Midge Decter, a fearless advocate of freedom and a fierce opponent of totalitarianism, died yesterday. She was 94 (July 25, 1927 – May 9, 2022).
She loved America. She took religion seriously, and advocated tirelessly for its place in the public square.
She was a woman of letters, attending the University of Minnesota in her native State, and the Jewish Theological Seminary and New York University in her adopted Manhattan, but she never received a degree from any of them.
She worked and edited at Basic Books, Legacy Books, Commentary, Harper’s Magazine (serving as executive editor of Harper’s in the age of Willie Morris), Midstream, and Saturday Review; her by-line appeared in frequently in The American Spectator, The Atlantic, Commentary, First Things, National Review, The New Republic, and The Weekly Standard.
She served as President and as a trustee of The Philadelphia Society; she was a trustee or director of each of the Center for Security Policy, the Clare Booth Luce Fund, and The Heritage Foundation. With Don Rumsfeld she founded the Committee on the Present Danger and, when the Soviet Union collapsed, she took the unusual and laudable step of declaring victory and dissolving her organization (rather than finding a way to repurpose it and give perpetual life, as all too many groups do, as a fund-raising bureaucracy).
The Victims of Communism Memorial Foundation bestowed its Truman-Reagan Medal of Freedom upon her.
President George W. Bush bestowed the National Humanities Medal upon her in a class that included Joan Ganz Cooney, the founder of the Children’s Television Workshop and its flagship production, “Sesame Street”, and Joseph Epstein, the Chicago based critic, writer, and raconteur.

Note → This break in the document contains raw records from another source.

(*
  Fix an injection t of the structure into the naturals and one oracle program e. An element a
  is sent to the sequence f a = (e, u a, v a, D 3, D 4, ...), where u a = 2^(2 t a + 2),
  v a = 2^(2 t a + 3), and the tail D is shared by all elements: a table storing u c and v c,
  for c = ab, at positions q and q + 1, where 2 q = u a + v b. With the join of f a and f b as
  oracle, e reads u a and v b, queries the oracle at u a + v b and u a + v b + 2, i.e. f a at
  q and q + 1, and outputs f a with these two values in place of u a and v a, which is f c.
  The binary digits of u a + v b determine a and b, every q is even and at least 3, so table
  entries never collide with each other or with the first three cells.
*)

theory Submission
  imports Defs
begin

unbundle bit_operations_syntax

lemma evalo_deterministic:
  "evalo h P xs y \<Longrightarrow> evalo h P xs y' \<Longrightarrow> y = y'"
proof (induction arbitrary: y' rule: evalo.induct)
  case (ev_comp xs gs ys f z)
  from ev_comp.prems obtain ys' where args': "list_all2 (\<lambda>g y. evalo h g xs y) gs ys'"
    and "evalo h f ys' y'"
    by (cases rule: evalo.cases) auto
  moreover have "ys = ys'"
    using ev_comp.IH(1) args' by (auto simp: list_all2_conv_all_nth intro: nth_equalityI)
  ultimately show ?case using ev_comp.IH(2) by blast
next
  case (ev_primS f g n xs r z)
  from ev_primS.prems obtain r' where "evalo h (Prim f g) (n # xs) r'" "evalo h g (n # r' # xs) y'"
    by (cases rule: evalo.cases) auto
  then show ?case using ev_primS.IH by auto
next
  case (ev_mu f n xs)
  from ev_mu.prems have zero': "evalo h f (y' # xs) 0"
    and nonzero': "\<forall>m<y'. \<exists>y. y \<noteq> 0 \<and> evalo h f (m # xs) y"
    by (cases rule: evalo.cases; auto)+
  show ?case
  proof (rule linorder_cases[of n y'])
    assume "n < y'"
    with nonzero' obtain y where "y \<noteq> 0" "evalo h f (n # xs) y" by blast
    with ev_mu.IH(1) show ?thesis by fastforce
  next
    assume "y' < n"
    with ev_mu.IH(2) obtain y where "y \<noteq> 0" "\<forall>z. evalo h f (y' # xs) z \<longrightarrow> y = z"
      by blast
    with zero' show ?thesis by blast
  qed
next
  case (ev_prim0 f xs z g)
  from ev_prim0.prems have "evalo h f xs y'" by (cases rule: evalo.cases) auto
  then show ?case using ev_prim0.IH by blast
qed (auto elim: evalo.cases)

lemma evalo_Proj0: "evalo h (Proj 0) (x # xs) x"
  using ev_proj[of 0 "x # xs" h] by simp

lemma evalo_Comp1:
  "evalo h g xs y \<Longrightarrow> evalo h f [y] z \<Longrightarrow> evalo h (Comp f [g]) xs z"
  by (rule ev_comp[where ys = "[y]"]) auto

lemma evalo_Comp2:
  "evalo h g1 xs y1 \<Longrightarrow> evalo h g2 xs y2 \<Longrightarrow> evalo h f [y1, y2] z \<Longrightarrow>
    evalo h (Comp f [g1, g2]) xs z"
  by (rule ev_comp[where ys = "[y1, y2]"]) auto

fun pconst :: "nat \<Rightarrow> pcode" where
  "pconst 0 = Zero"
| "pconst (Suc k) = Comp Succ [pconst k]"

definition pquery :: "pcode \<Rightarrow> pcode" where
  "pquery p = Comp Oracle [p]"

definition plus_code :: pcode where
  "plus_code = Prim (Proj 0) (Comp Succ [Proj 1])"

definition padd :: "pcode \<Rightarrow> pcode \<Rightarrow> pcode" where
  "padd p q = Comp plus_code [p, q]"

definition pcase :: "pcode \<Rightarrow> pcode \<Rightarrow> pcode" where
  "pcase p q = Prim p (Comp q [Proj 0])"

lemma evalo_pconst: "evalo h (pconst k) xs k"
proof (induction k)
  case 0
  show ?case using ev_zero by simp
next
  case (Suc k)
  show ?case using evalo_Comp1[OF Suc ev_succ] by simp
qed

lemma evalo_pquery: "evalo h p xs y \<Longrightarrow> evalo h (pquery p) xs (h y)"
  unfolding pquery_def using evalo_Comp1 ev_oracle by fastforce

lemma evalo_plus_code: "evalo h plus_code [x, y] (x + y)"
  unfolding plus_code_def
proof (induction x)
  case 0
  show ?case using ev_prim0[OF evalo_Proj0[of h y "[]"]] by simp
next
  case (Suc x)
  have "evalo h (Comp Succ [Proj 1]) [x, x + y, y] (Suc (x + y))"
    using evalo_Comp1[OF ev_proj[of 1 "[x, x + y, y]"] ev_succ] by simp
  from ev_primS[OF Suc this] show ?case by simp
qed

lemma evalo_padd:
  "evalo h p xs y \<Longrightarrow> evalo h q xs z \<Longrightarrow> evalo h (padd p q) xs (y + z)"
  unfolding padd_def by (rule evalo_Comp2[OF _ _ evalo_plus_code])

lemma evalo_pcase:
  assumes "evalo h p xs y0" and "\<And>n. evalo h q [n] (y n)"
  shows "evalo h (pcase p q) (n # xs) (case n of 0 \<Rightarrow> y0 | Suc m \<Rightarrow> y m)"
proof -
  have step: "evalo h (pcase p q) (Suc m # xs) (y m)" if "evalo h (pcase p q) (m # xs) r" for m r
    using ev_primS[OF that[unfolded pcase_def] evalo_Comp1[OF evalo_Proj0 assms(2)]]
    unfolding pcase_def .
  have zero: "evalo h (pcase p q) (0 # xs) y0"
    unfolding pcase_def by (rule ev_prim0[OF assms(1)])
  show ?thesis
  proof (cases n)
    case (Suc m)
    have "\<exists>r. evalo h (pcase p q) (m # xs) r"
      by (induction m) (use zero step in blast)+
    with Suc step show ?thesis by auto
  qed (simp add: zero)
qed

definition address_code :: pcode where
  "address_code = padd (pquery (pconst 2)) (pquery (pconst 5))"

definition redirect_code :: pcode where
  "redirect_code =
     pcase (pquery Zero)
       (pcase (pquery address_code)
         (pcase (pquery (padd address_code (pconst 2)))
           (pquery (padd (padd (Proj 0) (Proj 0)) (pconst 6)))))"

lemma evalo_redirect_code:
  "evalo H redirect_code [n]
     (if n = 1 then H (H 2 + H 5) else if n = 2 then H (H 2 + H 5 + 2) else H (2 * n))"
proof -
  have address: "evalo H address_code xs (H 2 + H 5)" for xs
    unfolding address_code_def by (intro evalo_padd evalo_pquery evalo_pconst)
  have tail: "evalo H (pquery (padd (padd (Proj 0) (Proj 0)) (pconst 6))) [m] (H (m + m + 6))" for m
    by (intro evalo_pquery evalo_padd evalo_Proj0 evalo_pconst)
  have "evalo H redirect_code [n]
     (case n of 0 \<Rightarrow> H 0 | Suc 0 \<Rightarrow> H (H 2 + H 5) | Suc (Suc 0) \<Rightarrow> H (H 2 + H 5 + 2)
        | Suc (Suc (Suc m)) \<Rightarrow> H (m + m + 6))"
    unfolding redirect_code_def
    using evalo_pcase[OF evalo_pquery[OF ev_zero]
            evalo_pcase[OF evalo_pquery[OF address]
              evalo_pcase[OF evalo_pquery[OF evalo_padd[OF address evalo_pconst]] tail]]]
    by simp
  then show ?thesis
    by (auto simp: numeral_eq_Suc split: nat.splits)
qed

lemma K2_app_eqI:
  assumes "\<And>n. evalo (join g h) (from_nat (g 0)) [n] (r n)"
  shows "K2_app g h = Some r"
proof -
  have "evalo (join g h) (from_nat (g 0)) [n] = (\<lambda>y. y = r n)" for n
    using assms evalo_deterministic by blast
  then show ?thesis
    unfolding K2_app_def phi_converges_def phi_def by simp
qed

lemma K2_app_redirect:
  assumes "g 0 = to_nat redirect_code" and "g 1 + h 2 = 2 * q"
  shows "K2_app g h = Some (g(1 := g q, 2 := g (Suc q)))"
proof (rule K2_app_eqI)
  fix n
  have join_even: "join g h (2 * k) = g k" for k
    unfolding join_def by simp
  have address: "join g h 2 + join g h 5 = 2 * q"
    using assms(2) by (simp add: join_def)
  have next_cell: "join g h (2 * q + 2) = g (Suc q)"
    using join_even[of "Suc q"] by simp
  have "evalo (join g h) redirect_code [n]
      (if n = 1 then g q else if n = 2 then g (Suc q) else g n)"
    using evalo_redirect_code[of "join g h" n] unfolding address next_cell join_even .
  moreover have "(g(1 := g q, 2 := g (Suc q))) n
      = (if n = 1 then g q else if n = 2 then g (Suc q) else g n)"
    by simp
  ultimately show "evalo (join g h) (from_nat (g 0)) [n] ((g(1 := g q, 2 := g (Suc q))) n)"
    by (simp only: assms(1) from_nat_to_nat)
qed

definition interleaved_table :: "('b \<Rightarrow> nat) \<Rightarrow> ('b \<Rightarrow> 'c) \<Rightarrow> ('b \<Rightarrow> 'c) \<Rightarrow> nat \<Rightarrow> 'c" where
  "interleaved_table code F G n = (if even n then F else G) (inv code (2 * (n div 2)))"

lemma interleaved_table_code:
  "inj code \<Longrightarrow> even (code x) \<Longrightarrow> interleaved_table code F G (code x) = F x"
  by (simp add: interleaved_table_def inv_f_f)

lemma interleaved_table_Suc_code:
  "inj code \<Longrightarrow> even (code x) \<Longrightarrow> interleaved_table code F G (Suc (code x)) = G x"
  by (simp add: interleaved_table_def inv_f_f)

lemma bit_add_two_powers_iff:
  assumes "i \<noteq> j"
  shows "bit ((2::nat) ^ i + 2 ^ j) n \<longleftrightarrow> n = i \<or> n = j"
proof -
  have "(2::nat) ^ i AND 2 ^ j = 0"
    using assms by (auto simp: bit_eq_iff bit_and_iff bit_exp_iff)
  then show ?thesis
    by (simp add: disjunctive_add_eq_or bit_or_iff bit_exp_iff)
qed

lemma odd_even_power_sum_eqD:
  assumes "(2::nat) ^ (2 * x + 1) + 2 ^ (2 * y + 2) = 2 ^ (2 * x' + 1) + 2 ^ (2 * y' + 2)"
  shows "x = x' \<and> y = y'"
proof -
  have ne: "2 * x + 1 \<noteq> 2 * y + 2" "2 * x' + 1 \<noteq> 2 * y' + 2"
    by presburger+
  have "bit ((2::nat) ^ (2 * x + 1) + 2 ^ (2 * y + 2)) n
      \<longleftrightarrow> bit ((2::nat) ^ (2 * x' + 1) + 2 ^ (2 * y' + 2)) n" for n
    by (simp only: assms)
  then have "(n = 2 * x + 1 \<or> n = 2 * y + 2) \<longleftrightarrow> (n = 2 * x' + 1 \<or> n = 2 * y' + 2)" for n
    unfolding bit_add_two_powers_iff[OF ne(1)] bit_add_two_powers_iff[OF ne(2)] .
  from this[of "2 * x + 1"] this[of "2 * y + 2"] show ?thesis
    by presburger
qed

lemma countable_additive_pairing:
  assumes "countable (UNIV :: 'a set)"
  obtains u v :: "'a \<Rightarrow> nat" and code :: "'a \<times> 'a \<Rightarrow> nat"
  where "inj u" "\<And>a b. u a + v b = 2 * code (a, b)"
    "inj code" "\<And>x. even (code x)" "\<And>x. 3 \<le> code x"
proof -
  obtain t :: "'a \<Rightarrow> nat" where t: "inj t"
    using assms unfolding countable_def by blast
  define u :: "'a \<Rightarrow> nat" where "u a = 2 ^ (2 * t a + 2)" for a
  define v :: "'a \<Rightarrow> nat" where "v b = 2 ^ (2 * t b + 3)" for b
  define code :: "'a \<times> 'a \<Rightarrow> nat" where
    "code = (\<lambda>(a, b). 2 ^ (2 * t a + 1) + 2 ^ (2 * t b + 2))"
  have "inj u"
    using t unfolding u_def by (auto intro!: injI dest: injD)
  moreover have "u a + v b = 2 * code (a, b)" for a b
    unfolding u_def v_def code_def by (simp add: power_add)
  moreover have "inj code"
  proof (rule injI, clarify)
    fix a b a' b'
    assume "code (a, b) = code (a', b')"
    then have "t a = t a' \<and> t b = t b'"
      unfolding code_def prod.case by (rule odd_even_power_sum_eqD)
    with t show "a = a' \<and> b = b'"
      by (auto dest: injD)
  qed
  moreover have "even (code x)" for x
    unfolding code_def by (auto split: prod.split)
  moreover have "3 \<le> code x" for x
  proof (cases x)
    case (Pair a b)
    have "2 \<le> (2::nat) ^ (2 * t a + 1)" "4 \<le> (2::nat) ^ (2 * t b + 2)"
      by (simp_all add: power_add power_mult)
    then show ?thesis
      unfolding Pair code_def prod.case by linarith
  qed
  ultimately show thesis
    by (rule that)
qed

lemma countable_applicative_structure_embeds_K2:
  fixes app :: "'a \<Rightarrow> 'a \<Rightarrow> 'a option"
  assumes "countable (UNIV :: 'a set)"
  shows "\<exists>f. is_pca_embedding app K2_app f"
proof -
  obtain u v :: "'a \<Rightarrow> nat" and code :: "'a \<times> 'a \<Rightarrow> nat"
    where u: "inj u" and sum: "\<And>a b. u a + v b = 2 * code (a, b)"
      and code: "inj code" "\<And>x. even (code x)" "\<And>x. 3 \<le> code x"
    using countable_additive_pairing[OF assms] by blast
  define D where
    "D = interleaved_table code (\<lambda>(a, b). u (the (app a b))) (\<lambda>(a, b). v (the (app a b)))"
  define f where "f a = D(0 := to_nat redirect_code, 1 := u a, 2 := v a)" for a
  have "inj f"
  proof (rule injI)
    fix a b
    assume "f a = f b"
    then have "f a 1 = f b 1"
      by simp
    then have "u a = u b"
      by (simp add: f_def)
    with u show "a = b"
      by (rule injD)
  qed
  moreover have "K2_app (f a) (f b) = Some (f c)" if "app a b = Some c" for a b c
  proof -
    have "3 \<le> code (a, b)"
      by (rule code(3))
    then have "f a (code (a, b)) = u c" "f a (Suc (code (a, b))) = v c"
      using that code(1,2)
      by (simp_all add: f_def D_def interleaved_table_code interleaved_table_Suc_code)
    moreover have "K2_app (f a) (f b)
        = Some ((f a)(1 := f a (code (a, b)), 2 := f a (Suc (code (a, b)))))"
      by (rule K2_app_redirect) (simp_all add: f_def sum)
    ultimately show ?thesis
      by (simp add: f_def fun_eq_iff)
  qed
  ultimately show ?thesis
    unfolding is_pca_embedding_def by blast
qed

She is survived by her husband Norman Podhoretz, and her children Rachel Decter (who is married to Eliott Abrams), Ruthie Blum, and John Podhoretz.
Yuval Levin remembered her this evening in a short essay posted on National Review Online; and Abe Greenwald, the Executive Editor of Commentary, paid a brief tribute to her this evening in Commentary’s website, listing and linking but a few of the power pieces she wrote for that magazine.
Click here to find Mr. Levin’s essay, click here for Mr. Greenwald’s tribute, and The New York Times’s obituary is here.
May the memory of Midge Decter forever be as a blessing.